Unfortunately, I could not find an explanation of the expected complexity and / or performance of the "sorted" compared to heapq.

+6
source share
2 answers

If you use a binary heap to put all the elements in order, then you do basically heapsort . It is slower than sorting algorightm into a sorted function , except that the implementation is pure python.

heapq faster than sorted if you need to add elements on the fly, i.e. additions and insertions may appear in an unspecified order. Adding a new element that preserves the internal order in any heap is faster than accessing the array after each insertion.

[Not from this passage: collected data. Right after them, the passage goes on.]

(* Let $\Sigma=\{a,b,e\}$ and let $L_1$ be the language of words $w\in\Sigma^*$ such that the word obtained from $w$ by deleting all occurrences of $e$ belongs to $b^+a$. Assuming the prefix-$U_1$ hypothesis, $L_1$ is not tractable.
   Context: For $w=a_1\cdots a_n$, an $L$-infix is a pair $[i,j]$ with $1\le i\le j\le n$ and $a_i\cdots a_j\in L$. $L$ is tractable if there is a data structure, built on an input word $w$, supporting letter substitution updates (replace the $i$-th letter by a given letter) and enumeration queries (output every $L$-infix of the current word exactly once, any order), and a constant $B$ depending only on $L$ such that for every $w$: each update takes at most $B$ steps; during an enumeration query the next $L$-infix (or the conclusion that none remain) is produced within $B$ steps; an enumeration query uses at most $B$ additional memory cells and treats previously existing memory as read-only; building takes at most $B|w|$ steps and memory never exceeds $B|w|$ cells. Model: unit-cost RAM with cell size logarithmic in $|w|$. The prefix-$U_1$ problem asks, for $n\in\mathbb{N}$, for a data structure maintaining a set $S\subseteq\{1,\dots,n\}$ supporting, on input $i\le n$: (1) test whether $i\in S$; (2) insert $i$ into $S$; (3) remove $i$ from $S$; (4) return yes iff $i\le\min S$. The prefix-$U_1$ hypothesis states that no data structure performs all these operations in time independent of $n$ in the unit-cost RAM model with logarithmic cell size. *)

theory Defs
  imports Main
begin

datatype sym = SA | SB | SE

definition L1 :: "sym list set" where
  "L1 = {w. \<exists>k\<ge>1. filter (\<lambda>x. x \<noteq> SE) w = replicate k SB @ [SA]}"

(* L-infixes [i,j] (1-based, inclusive) of w *)
definition infixes :: "sym list set \<Rightarrow> sym list \<Rightarrow> (nat \<times> nat) set" where
  "infixes L w = {(i, j). 1 \<le> i \<and> i \<le> j \<and> j \<le> length w \<and>
                          take (j - i + 1) (drop (i - 1) w) \<in> L}"

(* Memory cells are addressed by naturals; registers are just memory cells.
   Const a v : M[a] := v
   Add/Sub/Mul/Div a b c : M[a] := M[b] op M[c]  (truncated subtraction, x div 0 = 0)
   Load a b : M[a] := M[M[b]]      Store a b : M[M[a]] := M[b]
   Inp a b : M[a] := input(M[b])    Jz a l : if M[a] = 0 then goto l
   Out a b : output the pair (M[a], M[b])     Halt *)
datatype instr =
    Const nat nat | Add nat nat nat | Sub nat nat nat | Mul nat nat nat | Div nat nat nat
  | Load nat nat | Store nat nat | Inp nat nat | Jz nat nat | Out nat nat | Halt

type_synonym mem = "nat \<Rightarrow> nat"
type_synonym conf = "nat \<times> mem"

definition halted :: "instr list \<Rightarrow> conf \<Rightarrow> bool" where
  "halted prog c = (length prog \<le> fst c \<or> prog ! fst c = Halt)"

(* writing value v to address a: fails if a is not a writable address or
   the value exceeds the cell capacity cap (logarithmic cell size) *)
definition wr :: "nat set \<Rightarrow> nat \<Rightarrow> nat \<Rightarrow> mem \<Rightarrow> nat \<Rightarrow> nat
                   \<Rightarrow> (conf \<times> (nat \<times> nat) list) option" where
  "wr W cap pc M a v = (if a \<in> W \<and> v < cap then Some ((Suc pc, M(a := v)), []) else None)"

(* one step; inp = read-only input, cap = cell capacity, W = writable addresses;
   returns the new configuration and the produced outputs, or None on a fault *)
definition step :: "instr list \<Rightarrow> (nat \<Rightarrow> nat) \<Rightarrow> nat \<Rightarrow> nat set \<Rightarrow> conf
                     \<Rightarrow> (conf \<times> (nat \<times> nat) list) option" where
  "step prog inp cap W c = (case c of (pc, M) \<Rightarrow>
     (case prog ! pc of
        Const a v \<Rightarrow> wr W cap pc M a v
      | Add a b d \<Rightarrow> wr W cap pc M a (M b + M d)
      | Sub a b d \<Rightarrow> wr W cap pc M a (M b - M d)
      | Mul a b d \<Rightarrow> wr W cap pc M a (M b * M d)
      | Div a b d \<Rightarrow> wr W cap pc M a (M b div M d)
      | Load a b \<Rightarrow> wr W cap pc M a (M (M b))
      | Store a b \<Rightarrow> wr W cap pc M (M a) (M b)
      | Inp a b \<Rightarrow> wr W cap pc M a (inp (M b))
      | Jz a l \<Rightarrow> Some ((if M a = 0 then l else Suc pc, M), [])
      | Out a b \<Rightarrow> Some ((Suc pc, M), [(M a, M b)])
      | Halt \<Rightarrow> Some ((pc, M), [])))"

fun steps :: "instr list \<Rightarrow> (nat \<Rightarrow> nat) \<Rightarrow> nat \<Rightarrow> nat set \<Rightarrow> nat \<Rightarrow> conf
               \<Rightarrow> (conf \<times> (nat \<times> nat) list) option" where
  "steps prog inp cap W 0 c = Some (c, [])"
| "steps prog inp cap W (Suc k) c =
     (if halted prog c then Some (c, [])
      else (case step prog inp cap W c of
              None \<Rightarrow> None
            | Some (c', os) \<Rightarrow> (case steps prog inp cap W k c' of
                                   None \<Rightarrow> None
                                 | Some (c'', os') \<Rightarrow> Some (c'', os @ os'))))"

definition halts_within :: "instr list \<Rightarrow> (nat \<Rightarrow> nat) \<Rightarrow> nat \<Rightarrow> nat set \<Rightarrow> nat
                             \<Rightarrow> conf \<Rightarrow> conf \<Rightarrow> bool" where
  "halts_within prog inp cap W t c c' =
     (\<exists>k\<le>t. \<exists>os. steps prog inp cap W k c = Some (c', os) \<and> halted prog c')"

definition zero_mem :: mem where "zero_mem = (\<lambda>_. 0)"

section \<open>Tractability (dynamic constant-delay enumeration of infixes)\<close>

definition code :: "sym \<Rightarrow> nat" where
  "code x = (case x of SA \<Rightarrow> 1 | SB \<Rightarrow> 2 | SE \<Rightarrow> 3)"

definition word_input :: "sym list \<Rightarrow> nat \<Rightarrow> nat" where
  "word_input w k = (if k = 0 then length w else if k \<le> length w then code (w ! (k - 1)) else 0)"

definition upd_input :: "nat \<Rightarrow> sym \<Rightarrow> nat \<Rightarrow> nat" where
  "upd_input i a k = (if k = 0 then i else if k = 1 then code a else 0)"

(* cell capacity for words of length n: values < (n+2)^K, i.e. O(log n) bits *)
definition capacity :: "nat \<Rightarrow> nat \<Rightarrow> nat" where
  "capacity K n = (n + 2) ^ K"

definition main_region :: "nat \<Rightarrow> nat \<Rightarrow> nat set" where
  "main_region B n = {..< B * (n + 1)}"

(* the B additional cells available to an enumeration (all other memory read-only) *)
definition scratch_region :: "nat \<Rightarrow> nat \<Rightarrow> nat set" where
  "scratch_region B n = {B * (n + 1) ..< B * (n + 1) + B}"

inductive reach :: "instr list \<Rightarrow> instr list \<Rightarrow> nat \<Rightarrow> nat \<Rightarrow> sym list \<Rightarrow> mem \<Rightarrow> bool"
  for P U :: "instr list" and B K :: nat where
  init: "halts_within P (word_input w) (capacity K (length w)) (main_region B (length w))
           (B * (length w + 1)) (0, zero_mem) (pc, M) \<Longrightarrow> reach P U B K w M"
| upd: "reach P U B K w M \<Longrightarrow> 1 \<le> i \<Longrightarrow> i \<le> length w \<Longrightarrow>
        halts_within U (upd_input i a) (capacity K (length w)) (main_region B (length w))
           B (0, M) (pc, M') \<Longrightarrow> reach P U B K (w[i - 1 := a]) M'"

(* enumeration on memory M: halts, outputs exactly the set S, each element once,
   with delay at most B between consecutive outputs / start / end *)
definition enum_ok :: "instr list \<Rightarrow> nat \<Rightarrow> nat set \<Rightarrow> nat \<Rightarrow> mem \<Rightarrow> (nat \<times> nat) set \<Rightarrow> bool" where
  "enum_ok E cap W B M S =
     ((\<exists>k c os. steps E (\<lambda>_. 0) cap W k (0, M) = Some (c, os) \<and> halted E c
                \<and> distinct os \<and> set os = S) \<and>
      (\<forall>k c os. steps E (\<lambda>_. 0) cap W k (0, M) = Some (c, os) \<and> \<not> halted E c \<longrightarrow>
         (\<exists>d. 1 \<le> d \<and> d \<le> B \<and> (\<exists>c' os'. steps E (\<lambda>_. 0) cap W (k + d) (0, M) = Some (c', os')
                  \<and> (length os < length os' \<or> halted E c')))))"
lemma card_yp_below_eq:
  assumes W: "W \<subseteq> {..<n}" and V: "V \<subseteq> {..<n}" and "card W = card V"
    and "l \<in> W" "j \<in> V" and below: "{i\<in>W. i < l} = {i\<in>V. i < j}"
  shows "card {l'\<in>W. yp l' < yp l} = card {l'\<in>V. yp l' < yp j}"
proof (cases descending)
  case False
  have "{l'\<in>W. yp l' < yp l} = {l'\<in>W. l' < l}" "{l'\<in>V. yp l' < yp j} = {l'\<in>V. l' < j}"
    using W V \<open>l \<in> W\<close> \<open>j \<in> V\<close> False by (auto simp: yp_less_iff subset_eq)
  then show ?thesis
    using below by simp
next
  case True
  have "{l'\<in>W. yp l' < yp l} = {l'\<in>W. l < l'}" "{l'\<in>V. yp l' < yp j} = {l'\<in>V. j < l'}"
    using W V \<open>l \<in> W\<close> \<open>j \<in> V\<close> True by (auto simp: yp_less_iff subset_eq)
  moreover have "finite W" "finite V"
    using W V finite_subset by auto
  ultimately show ?thesis
    using card_split_at[of W l] card_split_at[of V j] assms by simp
qed

lemma strict_mono_bij_selection_xp:
  assumes W: "W \<subseteq> {..<n}" and V: "V \<subseteq> {..<n}"
    and f: "bij_betw f (selection W) (selection V)" "strict_mono_on (selection W) f"
    and same_x_card: "card (x_indices W) = card (x_indices V)" and i: "i \<in> x_indices W"
  obtains i' where "i' \<in> x_indices V" "f (xp i) = xp i'"
    "rank (x_indices V) i' = rank (x_indices W) i"
proof -
  have xi: "xp i \<in> selection W"
    using i unfolding selection_def by simp
  have rank_fi: "rank (selection V) (f (xp i)) = rank (x_indices W) i"
    using rank_strict_mono_image[OF f xi] rank_selection_xp[OF W i] by simp
  moreover have "rank (x_indices W) i < card (x_indices V)"
    using rank_less_card[of "x_indices W"] i same_x_card by (simp add: x_indices_def)
  ultimately show ?thesis
    using that rank_selection_xp[OF V]
    by (cases rule: selection_cases[OF V bij_betw_apply[OF f(1) xi]]) auto
qed
text \<open>Linear inequalities valid on totally positive elements of \<open>O\<close> come from the trace pairing
  with a totally positive element \<open>elem_R ma mb mc\<close> (the middle hypotheses list its components).
  The coefficients \<open>ta, tb, tc\<close> are parameters so that the rule unifies with a goal whose
  coefficients are numerals.\<close>
lemma trace_certificate:
  fixes a b c :: int and ma mb mc ta tb tc :: real
  assumes "totally_positive (elem_O a b c)"
    and "0 < ma + 2*mc + mb*w1 + mc*w2" "0 < ma + 2*mc + mb*w2 + mc*w3" "0 < ma + 2*mc + mb*w3 + mc*w1"
    and "ta = 3*ma - mb + 5*mc" "tb = -ma + 5*mb - 4*mc" "tc = 5*ma - 4*mb + 13*mc"
  shows "0 < of_int a * ta + of_int b * tb + of_int c * tc"
proof -
  have "0 < elem_R ma mb mc $ i" for i
    using exhaust_3[of i] assms(2-4) by (auto simp: elem_R_component w1_sq w2_sq w3_sq algebra_simps)
  then have "0 < elem_R ma mb mc \<bullet> elem_O a b c"
    using assms(1) unfolding totally_positive_def by (intro inner_pos_if_components_pos) auto
  then show ?thesis unfolding inner_elem_R_elem_O using assms(5-7) by simp
qed

section \<open>The facet normals\<close>

text \<open>\<open>facet_normal k\<close> is the element of \<open>K \<otimes> \<real>\<close> whose trace pairing is \<open>1\<close> on the three
  vertices of \<open>T\<^sub>k\<close>.\<close>
definition facet_normal :: "int \<Rightarrow> real^3" where
  "facet_normal k = (if k = 1 then elem_R (9/14) (-1/7) (-3/14) else elem_R (2/7) (-1/7) 0)"

definition facet_vertices :: "int \<Rightarrow> (real^3) set" where
  "facet_vertices k = (if k = 1 then {elem_O 1 0 0, elem_O 0 0 1, elem_O 1 2 1}
                                 else {elem_O 1 0 0, elem_O 2 1 0, elem_O 1 2 1})"

lemma facet_normal_elem_O:
  "facet_normal 1 \<bullet> elem_O a b c = of_int a - of_int b / 2 + of_int c"
  "facet_normal 2 \<bullet> elem_O a b c = of_int a - of_int b + 2 * of_int c"
  by (simp_all add: facet_normal_def inner_elem_R_elem_O)

lemma triangle_eq: "triangle1 = convex hull facet_vertices 1" "triangle2 = convex hull facet_vertices 2"
  by (simp_all add: triangle1_def triangle2_def facet_vertices_def elem_O_def power2_eq_square algebra_simps)

text \<open>Together with the hypothesis, each trace certificate bounds one coordinate from one side; the
  remaining candidates are checked numerically.\<close>
lemma tot_pos_normal_1_le_1:
  assumes pos: "totally_positive (elem_O a b c)"
    and le: "of_int a - of_int b / 2 + of_int c \<le> (1::real)"
  shows "(a, b, c) \<in> {(1,0,0), (0,0,1), (1,2,1)}"
proof -
  have "(0::real) < of_int a * (1/2) + of_int b * (-3/4) + of_int c * (3/2)"
    by (rule trace_certificate[OF pos, where ma="-1/28" and mb="-1/14" and mc="3/28"]) (use w_emb_bounds in linarith)+
  moreover have "(0::real) < of_int a * 2 + of_int b * (-1/2) + of_int c * 1"
    by (rule trace_certificate[OF pos, where ma="23/14" and mb="-2/7" and mc="-9/14"]) (use w_emb_bounds in linarith)+
  moreover have "(0::real) < of_int a * 4 + of_int b * (-3) + of_int c * 4"
    by (rule trace_certificate[OF pos, where ma="19/7" and mb="-6/7" and mc="-1"]) (use w_emb_bounds in linarith)+
  moreover have "(0::real) < of_int a * 1 + of_int b * (1/2) + of_int c * 1"
    by (rule trace_certificate[OF pos, where ma="1/2" and mb="1/7" and mc="-1/14"]) (use w_emb_bounds in linarith)+
  moreover have "(0::real) < of_int a * 2 + of_int b * (-1) + of_int c * 1"
    by (rule trace_certificate[OF pos, where ma="12/7" and mb="-3/7" and mc="-5/7"]) (use w_emb_bounds in linarith)+
  moreover have "(0::real) < of_int a * 1 + of_int b * (-1/2) + of_int c * 2"
    by (rule trace_certificate[OF pos, where ma="3/14" and mb="0" and mc="1/14"]) (use w_emb_bounds in linarith)+
  ultimately have "-1 < real_of_int a" "real_of_int a < 2" "-1 < real_of_int b" "real_of_int b < 4"
    "-1 < real_of_int c" "real_of_int c < 2"
    using le by linarith+
  then have "a = 0 \<or> a = 1" "b = 0 \<or> b = 1 \<or> b = 2 \<or> b = 3" "c = 0 \<or> c = 1"
    by linarith+
  then show ?thesis
    using pos le w_emb_bounds
    by (elim disjE; simp add: totally_positive_iff elem_O_components algebra_simps)
qed

lemma tot_pos_normal_2_le_1:
  assumes pos: "totally_positive (elem_O a b c)"
    and le: "of_int a - of_int b + 2 * of_int c \<le> (1::real)"
  shows "(a, b, c) \<in> {(1,0,0), (2,1,0), (1,2,1)}"
proof -
  have "(0::real) < of_int a * 2 + of_int b * (-3) + of_int c * 6"
    by (rule trace_certificate[OF pos, where ma="-1/7" and mb="-2/7" and mc="3/7"]) (use w_emb_bounds in linarith)+
  moreover have "(0::real) < of_int a * 2 + of_int b * (-1) + of_int c * 2"
    by (rule trace_certificate[OF pos, where ma="9/7" and mb="-2/7" and mc="-3/7"]) (use w_emb_bounds in linarith)+
  moreover have "(0::real) < of_int a * 5 + of_int b * (-6) + of_int c * 10"
    by (rule trace_certificate[OF pos, where ma="11/7" and mb="-1" and mc="-1/7"]) (use w_emb_bounds in linarith)+
  moreover have "(0::real) < of_int a * 1 + of_int b * 0 + of_int c * 2"
    by (rule trace_certificate[OF pos, where ma="1/7" and mb="1/7" and mc="1/7"]) (use w_emb_bounds in linarith)+
  moreover have "(0::real) < of_int a * 2 + of_int b * (-2) + of_int c * 3"
    by (rule trace_certificate[OF pos, where ma="1" and mb="-3/7" and mc="-2/7"]) (use w_emb_bounds in linarith)+
  moreover have "(0::real) < of_int a * 2 + of_int b * (-2) + of_int c * 5"
    by (rule trace_certificate[OF pos, where ma="1/7" and mb="-1/7" and mc="2/7"]) (use w_emb_bounds in linarith)+
  ultimately have "-1 < real_of_int a" "real_of_int a < 3" "-1 < real_of_int b" "real_of_int b < 5"
    "-2 < real_of_int c" "real_of_int c < 2"
    using le by linarith+
  then have "a = 0 \<or> a = 1 \<or> a = 2" "b = 0 \<or> b = 1 \<or> b = 2 \<or> b = 3 \<or> b = 4" "c = -1 \<or> c = 0 \<or> c = 1"
    by linarith+
  then show ?thesis
    using pos le w_emb_bounds
    by (elim disjE; simp add: totally_positive_iff elem_O_components algebra_simps)
qed

lemma facet_normal_tot_pos:
  assumes k: "k \<in> {1,2}" and x: "x \<in> tot_pos_O"
  shows facet_normal_ge_1: "1 \<le> facet_normal k \<bullet> x"
    and facet_normal_eq_1_iff: "facet_normal k \<bullet> x = 1 \<longleftrightarrow> x \<in> facet_vertices k"
proof -
  obtain a b c where abc: "x = elem_O a b c" "totally_positive (elem_O a b c)"
    using x by (auto simp: tot_pos_O_iff)
  have vertex: "facet_normal k \<bullet> y = 1" if "y \<in> facet_vertices k" for y
    using k that by (auto simp: facet_vertices_def facet_normal_elem_O)
  have "x \<in> facet_vertices k" if "facet_normal k \<bullet> x \<le> 1"
    using k that abc tot_pos_normal_1_le_1[OF abc(2)] tot_pos_normal_2_le_1[OF abc(2)]
    by (auto simp: facet_normal_elem_O facet_vertices_def)
  then show "1 \<le> facet_normal k \<bullet> x" "facet_normal k \<bullet> x = 1 \<longleftrightarrow> x \<in> facet_vertices k"
    using vertex by force+
qed

section \<open>Totally positive elements and units\<close>

lemma tot_pos_O_mult: "x \<in> tot_pos_O \<Longrightarrow> y \<in> tot_pos_O \<Longrightarrow> x * y \<in> tot_pos_O"
  by (auto simp: tot_pos_O_def totally_positive_def ints_O_mult)

lemma elem_O_in_tot_pos_O: "totally_positive (elem_O a b c) \<Longrightarrow> elem_O a b c \<in> tot_pos_O"
  by (auto simp: tot_pos_O_iff)

lemma tot_pos_O_power: "x \<in> tot_pos_O \<Longrightarrow> x ^ n \<in> tot_pos_O"
  by (induct n) (use elem_O_in_tot_pos_O[of 1 0 0] in \<open>simp_all add: elem_O_1 totally_positive_def tot_pos_O_mult\<close>)

lemma tot_pos_O_scaleR:
  assumes "x \<in> tot_pos_O" "1 \<le> n"
  shows "real n *\<^sub>R x \<in> tot_pos_O"
proof -
  obtain a b c where "x = elem_O a b c" "totally_positive x" using assms(1) by (auto simp: tot_pos_O_iff)
  moreover have "real n *\<^sub>R elem_O a b c = elem_O (int n * a) (int n * b) (int n * c)"
    by (simp add: vec_eq_iff elem_O_component algebra_simps)
  moreover have "totally_positive (real n *\<^sub>R x)"
    using \<open>totally_positive x\<close> assms(2) by (simp add: totally_positive_def)
  ultimately show ?thesis by (auto simp: tot_pos_O_iff)
qed

lemma facet_vertices_subset: "k \<in> {1,2} \<Longrightarrow> facet_vertices k \<subseteq> tot_pos_O"
  using w_emb_bounds
  by (auto simp: facet_vertices_def totally_positive_iff elem_O_components intro!: elem_O_in_tot_pos_O)

lemma tot_pos_units_O_subset: "tot_pos_units_O \<subseteq> tot_pos_O"
  by (auto simp: tot_pos_units_O_def tot_pos_O_def units_O_def)

lemma tot_pos_units_O_pos: "u \<in> tot_pos_units_O \<Longrightarrow> 0 < u $ i"
  by (auto simp: tot_pos_units_O_def totally_positive_def)

lemma tot_pos_units_O_inverse:
  assumes "u \<in> tot_pos_units_O"
  obtains v where "v \<in> tot_pos_units_O" "u * v = 1" "v * u = 1"
proof -
  obtain v where v: "v \<in> ints_O" "u * v = 1" and u: "u \<in> ints_O" "totally_positive u"
    using assms by (auto simp: tot_pos_units_O_def units_O_def)
  have "u $ i * v $ i = 1" "0 < u $ i" for i
    using v u by (simp_all add: totally_positive_def flip: vector_mult_component)
  then have "0 < v $ i" for i by (metis zero_less_mult_pos zero_less_one)
  then have "v \<in> tot_pos_units_O"
    using u v by (auto simp: tot_pos_units_O_def units_O_def totally_positive_def mult.commute)
  then show ?thesis using that v(2) by (simp add: mult.commute)
qed

lemma tot_pos_units_O_mult:
  assumes "u \<in> tot_pos_units_O" "v \<in> tot_pos_units_O"
  shows "u * v \<in> tot_pos_units_O"
proof -
  obtain u' v' where "u' \<in> tot_pos_units_O" "u * u' = 1" "v' \<in> tot_pos_units_O" "v * v' = 1"
    using assms tot_pos_units_O_inverse by metis
  then have "(u * v) * (v' * u') = 1" "v' * u' \<in> ints_O"
    by (auto simp: tot_pos_units_O_def units_O_def ints_O_mult algebra_simps)
  moreover have "u * v \<in> tot_pos_O"
    using assms tot_pos_units_O_subset tot_pos_O_mult by blast
  ultimately show ?thesis by (auto simp: tot_pos_units_O_def units_O_def tot_pos_O_def)
qed

lemma elem_O_in_tot_pos_units_O:
  assumes "elem_O a b c * elem_O d e f = 1" "totally_positive (elem_O a b c)"
  shows "elem_O a b c \<in> tot_pos_units_O"
  using assms ints_O_iff unfolding tot_pos_units_O_def units_O_def by blast

lemma one_in_tot_pos_units_O: "1 \<in> tot_pos_units_O"
  using elem_O_in_tot_pos_units_O[of 1 0 0 1 0 0] by (simp add: elem_O_1 totally_positive_def)

text \<open>The units \<open>w + 2\<close>, \<open>(w + 2)\<inverse>\<close>, \<open>w\<^sup>2\<close>, \<open>w\<^sup>-\<^sup>2\<close> and \<open>(w + 1)\<^sup>-\<^sup>2\<close>.\<close>
lemma elems_in_tot_pos_units_O:
  "elem_O 2 1 0 \<in> tot_pos_units_O" "elem_O 0 (-1) 1 \<in> tot_pos_units_O"
  "elem_O 0 0 1 \<in> tot_pos_units_O" "elem_O 5 (-1) (-2) \<in> tot_pos_units_O"
  "elem_O 3 (-1) (-1) \<in> tot_pos_units_O"
  by (rule elem_O_in_tot_pos_units_O[where d=0 and e="-1" and f=1]
        elem_O_in_tot_pos_units_O[where d=2 and e=1 and f=0]
        elem_O_in_tot_pos_units_O[where d=5 and e="-1" and f="-2"]
        elem_O_in_tot_pos_units_O[where d=0 and e=0 and f=1]
        elem_O_in_tot_pos_units_O[where d=1 and e=2 and f=1];
      use w_emb_bounds in \<open>simp add: elem_O_mult elem_O_1 totally_positive_iff elem_O_components\<close>)+

section \<open>Triangles cut out by their neighbours\<close>

locale cut_out_triangle =
  fixes P1 P2 P3 N N1 N2 N3 :: "real^3"
  assumes on_plane: "N \<bullet> P1 = 1" "N \<bullet> P2 = 1" "N \<bullet> P3 = 1"
    and edge1: "1 < N1 \<bullet> P1" "N1 \<bullet> P2 = 1" "N1 \<bullet> P3 = 1"
    and edge2: "N2 \<bullet> P1 = 1" "1 < N2 \<bullet> P2" "N2 \<bullet> P3 = 1"
    and edge3: "N3 \<bullet> P1 = 1" "N3 \<bullet> P2 = 1" "1 < N3 \<bullet> P3"
begin

lemma inner_lin_comb:
  assumes "q = t1 *\<^sub>R P1 + t2 *\<^sub>R P2 + t3 *\<^sub>R P3"
  shows "N \<bullet> q = t1 + t2 + t3"
    and "N1 \<bullet> q = t1 + t2 + t3 + t1 * (N1 \<bullet> P1 - 1)"
    and "N2 \<bullet> q = t1 + t2 + t3 + t2 * (N2 \<bullet> P2 - 1)"
    and "N3 \<bullet> q = t1 + t2 + t3 + t3 * (N3 \<bullet> P3 - 1)"
  using on_plane edge1 edge2 edge3 by (simp_all add: assms inner_add_right algebra_simps)

lemma distinct_vertices: "P1 \<noteq> P2" "P1 \<noteq> P3" "P2 \<noteq> P3"
  using edge1 edge2 by auto

lemma lin_comb_eq_0:
  assumes "t1 *\<^sub>R P1 + t2 *\<^sub>R P2 + t3 *\<^sub>R P3 = 0"
  shows "t1 = 0" "t2 = 0" "t3 = 0"
  using inner_lin_comb[OF assms[symmetric]] edge1 edge2 edge3 by simp_all

lemma sum_vertices: "(\<Sum>v\<in>{P1,P2,P3}. t v *\<^sub>R v) = t P1 *\<^sub>R P1 + t P2 *\<^sub>R P2 + t P3 *\<^sub>R P3"
  using distinct_vertices by (simp add: algebra_simps)

lemma aff_dim_hull: "aff_dim (convex hull {P1,P2,P3}) = 2"
proof -
  have "\<not> affine_dependent {P1,P2,P3}"
    using lin_comb_eq_0 by (auto simp: affine_dependent_explicit_finite sum_vertices)
  then show ?thesis
    using aff_dim_affine_independent distinct_vertices by (fastforce simp: aff_dim_convex_hull)
qed

lemma span_vertices: "span {P1,P2,P3} = UNIV"
proof -
  have "independent {P1,P2,P3}"
    using lin_comb_eq_0 by (auto simp: dependent_finite sum_vertices)
  then have "dim {P1,P2,P3} = 3"
    using distinct_vertices by (simp add: dim_eq_card_independent)
  then show ?thesis using dim_eq_full by fastforce
qed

sorted faster if you need to restore all items in order later.

The only problem they can compete with is if you need some of the smallest (or largest) items from the collection. Although there are special algorithms for this case , whether heapq or sorted will work faster depends on the size of the source array and the part that you need to extract.

+6
source

heapq is implemented as a binary heap, The key points to consider in binary heaps, and extensions, heapq :

  • Search not supported
  • Insertions are a constant time on average
  • Exceptions are O (log n) time average

Further information on the binary heap described here: http://en.wikipedia.org/wiki/Binary_heap

Although heapq is a data structure that has binary heap properties, using sorted is a different concept. sorted returns a sorted list, so essentially the result, whereas heapq is a data structure that you constantly work with, which you can optionally sort with sorted .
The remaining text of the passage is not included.